Monitoring desk
ISLAMABAD/KARACHI: Pakistan Suzuki Motor Company has stopped booking fresh orders for its motorcycles due to import-based supply chain constraints and uncertain production prospects.
In a letter to its motorcycle dealers on Thursday, the automaker of Pakistan wrote that under the current economic situation, import-based supply chain constraints, and undetermined production possibilities, “we are unable to serve new customers.”
Suzuki company notice
“We have stopped new bookings for our bikes products from 20 January for the time being,” said the company notice. Bookings could resume when the circumstances become favourable to serve new customers.
The move didn’t surprise analysts, who questioned accepting fresh orders when many industries had been closed down and no raw material was being imported.
Wasil Zaman auto analyst, said that “I would not be surprised if car bookings are also halted; industries are closed with restrictions on the import of goods, so what is a point of taking fresh orders,”.
Pakistan Chairman of the Association of Motorcycle Assemblers, Sabir Shaikh, pointed out that “the problem is arising due to the rupee’s depreciation and curbs on opening Letters of Credit (LCs),”.
“Unavailability of completely knocked down parts and the fluctuating exchange rate are preventing enterprises from determining the price of their goods.”
Referring to the State Bank of Pakistan’s assurances that US dollars could be available in the coming weeks, he hoped that once the LC problem was resolved, businesses could be able to restart manufacturing and sales.
“Foreign currency reserves have only increased by 258 million dollars after reducing 3.6 billion dollars in the previous eight weeks,” noted Tahir Abbas, Head of Research at Arif Habib Limited.

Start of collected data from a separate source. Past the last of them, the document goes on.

text \<open>Along the path from a delivered source to the sink the waiting times strictly increase,
  and siblings have different waiting times. Hence a delivered node is determined by the set of
  waiting times on its path, a nonempty subset of {0, ..., D - 1}, which gives QoA \<le> 2^D - 1;
  on a chain all delivered nodes lie on one path, so their waiting times alone separate them and
  QoA \<le> D. The binomial tree on 1, ..., 2^D - 1 (parent: clear the leading bit) attains 2^D - 1,
  and every tree with at least D sensor nodes contains D nodes closed under taking parents, which
  can be scheduled in D distinct slots, so QoA \<ge> D.\<close>

lemma all_le_Suc_iff: "(\<forall>m\<le>Suc k. P m) \<longleftrightarrow> P 0 \<and> (\<forall>m\<le>k. P (Suc m))"
  by (metis Suc_le_mono le0 not0_implies_Suc)

lemma anc_sink [simp]: "anc s p s = {}"
  by (auto simp: anc_def)

lemma anc_step:
  assumes "i \<noteq> s"
  shows "anc s p i = insert i (anc s p (p i))"
proof
  show "anc s p i \<subseteq> insert i (anc s p (p i))"
  proof
    fix x assume "x \<in> anc s p i"
    then obtain k where x: "x = (p ^^ k) i" and k: "\<forall>m\<le>k. (p ^^ m) i \<noteq> s"
      unfolding anc_def by blast
    show "x \<in> insert i (anc s p (p i))"
    proof (cases k)
      case (Suc k')
      then have "x = (p ^^ k') (p i)" "\<forall>m\<le>k'. (p ^^ m) (p i) \<noteq> s"
        using x k by (simp_all add: all_le_Suc_iff funpow_Suc_right del: funpow.simps)
      then show ?thesis
        unfolding anc_def by blast
    qed (use x in simp)
  qed
  have "i \<in> anc s p i"
    using assms unfolding anc_def by (intro CollectI exI[of _ 0]) simp
  moreover have "(p ^^ k) (p i) \<in> anc s p i" if "\<forall>m\<le>k. (p ^^ m) (p i) \<noteq> s" for k
    using that assms unfolding anc_def
    by (intro CollectI exI[of _ "Suc k"]) (simp add: all_le_Suc_iff funpow_Suc_right del: funpow.simps)
  ultimately show "insert i (anc s p (p i)) \<subseteq> anc s p i"
    unfolding anc_def[of s p "p i"] by blast
qed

He said that Pakistan’s total forex reserves are now 10.4 billion dollars, higher by 256 million dollars. Of these, State Bank of Pakistan reserves stands at 4.6 billion dollars, up by 258 million dollars and commercial bank reserves are 5.8 billion dollars, down by 2 million dollars. Those reserves are enough for only a few weeks of imports.
Although businesses were not able to secure completely knocked down and meet production costs, the situation might be clear in the next two weeks, stated Sabir Shaikh.
Production by the Chinese bike assemblers, who dominate the market, has already decreased by 50 percent to percent, while some firms have shut down completely.